Activity> In the entries below, find the line with "y j1 \<noteq>" and the line with "(\<forall>j<m. y j1". Print those two and everything between them exactly, and nothing else.

Exercise data>
________________________
lemma smult_rank_one:
  assumes "0 < k"
  shows "c * rank_one k u idx = rank_one k (u(0 := (\<lambda>j. c * u 0 j))) idx"
proof -
  obtain m where "k = Suc m"
    using assms gr0_implies_Suc by blast
  then show ?thesis
    by (simp add: rank_one_def prod.lessThan_Suc_shift mult.assoc del: prod.lessThan_Suc)
qed

lemma trank_le:
  fixes us :: "nat \<Rightarrow> nat \<Rightarrow> nat \<Rightarrow> complex"
  assumes "\<forall>idx. valid_idx k n idx \<longrightarrow> T idx = (\<Sum>j<r. rank_one k (us j) idx)"
  shows "trank k n T \<le> r"
  unfolding trank_def by (rule Least_le) (use assms in blast)

lemma trank_decomp:
  assumes "\<exists>us :: nat \<Rightarrow> nat \<Rightarrow> nat \<Rightarrow> complex. \<forall>idx. valid_idx k n idx \<longrightarrow> T idx = (\<Sum>j<r. rank_one k (us j) idx)"
  shows "\<exists>us. \<forall>idx. valid_idx k n idx \<longrightarrow> T idx = (\<Sum>j<trank k n T. rank_one k (us j) idx)"
proof -
  let ?P = "\<lambda>r::nat. \<exists>us::nat \<Rightarrow> nat \<Rightarrow> nat \<Rightarrow> complex. \<forall>idx. valid_idx k n idx \<longrightarrow> T idx = (\<Sum>j<r. rank_one k (us j) idx)"
  from assms have "?P (LEAST r. ?P r)"
    by (rule LeastI)
  then show ?thesis
    by (simp only: trank_def)
qed

lemma trank_le_Suc_trank_minus_rank_one:
  assumes "0 < k"
    and "\<exists>us :: nat \<Rightarrow> nat \<Rightarrow> nat \<Rightarrow> complex. \<forall>idx. valid_idx k n idx \<longrightarrow>
           T idx - c * rank_one k p idx = (\<Sum>j<r. rank_one k (us j) idx)"
  shows "trank k n T \<le> Suc (trank k n (\<lambda>idx. T idx - c * rank_one k p idx))"
proof -
  let ?m = "trank k n (\<lambda>idx. T idx - c * rank_one k p idx)"
  obtain us where us: "\<forall>idx. valid_idx k n idx \<longrightarrow>
      T idx - c * rank_one k p idx = (\<Sum>j<?m. rank_one k (us j) idx)"
    using trank_decomp[OF assms(2)] by blast
  define us' where "us' = us(?m := p(0 := (\<lambda>j. c * p 0 j)))"
  have "\<forall>idx. valid_idx k n idx \<longrightarrow> T idx = (\<Sum>j<Suc ?m. rank_one k (us' j) idx)"
    using us smult_rank_one[OF assms(1), of c p] by (simp add: us'_def algebra_simps)
  then show ?thesis
    by (rule trank_le)
qed

definition contract ::
  "nat \<Rightarrow> (nat \<Rightarrow> nat) \<Rightarrow> ((nat \<Rightarrow> nat) \<Rightarrow> complex) \<Rightarrow> (nat \<Rightarrow> nat \<Rightarrow> complex) \<Rightarrow> complex" where
  "contract k n X \<chi> = (\<Sum>idx\<in>PiE {..<k} (\<lambda>i. {..<n i}). X idx * (\<Prod>i<k. \<chi> i (idx i)))"

lemma contract_rank_one: "contract k n (rank_one k u) \<chi> = (\<Prod>i<k. \<Sum>j<n i. u i j * \<chi> i j)"
  by (simp add: contract_def rank_one_def prod_sum_PiE prod.distrib)

lemma contract_cong:
  assumes "\<forall>idx. valid_idx k n idx \<longrightarrow> X idx = Y idx"
  shows "contract k n X \<chi> = contract k n Y \<chi>"
  unfolding contract_def using assms by (intro sum.cong) (auto simp: valid_idx_def PiE_iff)

lemma contract_sum: "contract k n (\<lambda>idx. \<Sum>j\<in>J. X j idx) \<chi> = (\<Sum>j\<in>J. contract k n (X j) \<chi>)"
  unfolding contract_def by (simp add: sum_distrib_right sum.swap[of _ "PiE _ _"])

lemma lin_indep2_nonzero_minor:
  assumes "lin_indep2 m x y"
  shows "\<exists>j1<m. \<exists>j2<m. x j1 * y j2 - x j2 * y j1 \<noteq> 0"
proof -
  have "\<not> (\<forall>j<m. 1 * x j + 0 * y j = 0)"
    using assms unfolding lin_indep2_def by (metis one_neq_zero)
  then obtain j1 where j1: "j1 < m" "x j1 \<noteq> 0"
    by auto
  have "\<not> (\<forall>j<m. y j1 * x j + (- x j1) * y j = 0)"
    using assms j1(2) unfolding lin_indep2_def by (metis neg_equal_0_iff_equal)
  then show ?thesis
    using j1(1) by (auto simp: algebra_simps)
qed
________________________
Expected answer>
  shows "\<exists>j1<m. \<exists>j2<m. x j1 * y j2 - x j2 * y j1 \<noteq> 0"
proof -
  have "\<not> (\<forall>j<m. 1 * x j + 0 * y j = 0)"
    using assms unfolding lin_indep2_def by (metis one_neq_zero)
  then obtain j1 where j1: "j1 < m" "x j1 \<noteq> 0"
    by auto
  have "\<not> (\<forall>j<m. y j1 * x j + (- x j1) * y j = 0)"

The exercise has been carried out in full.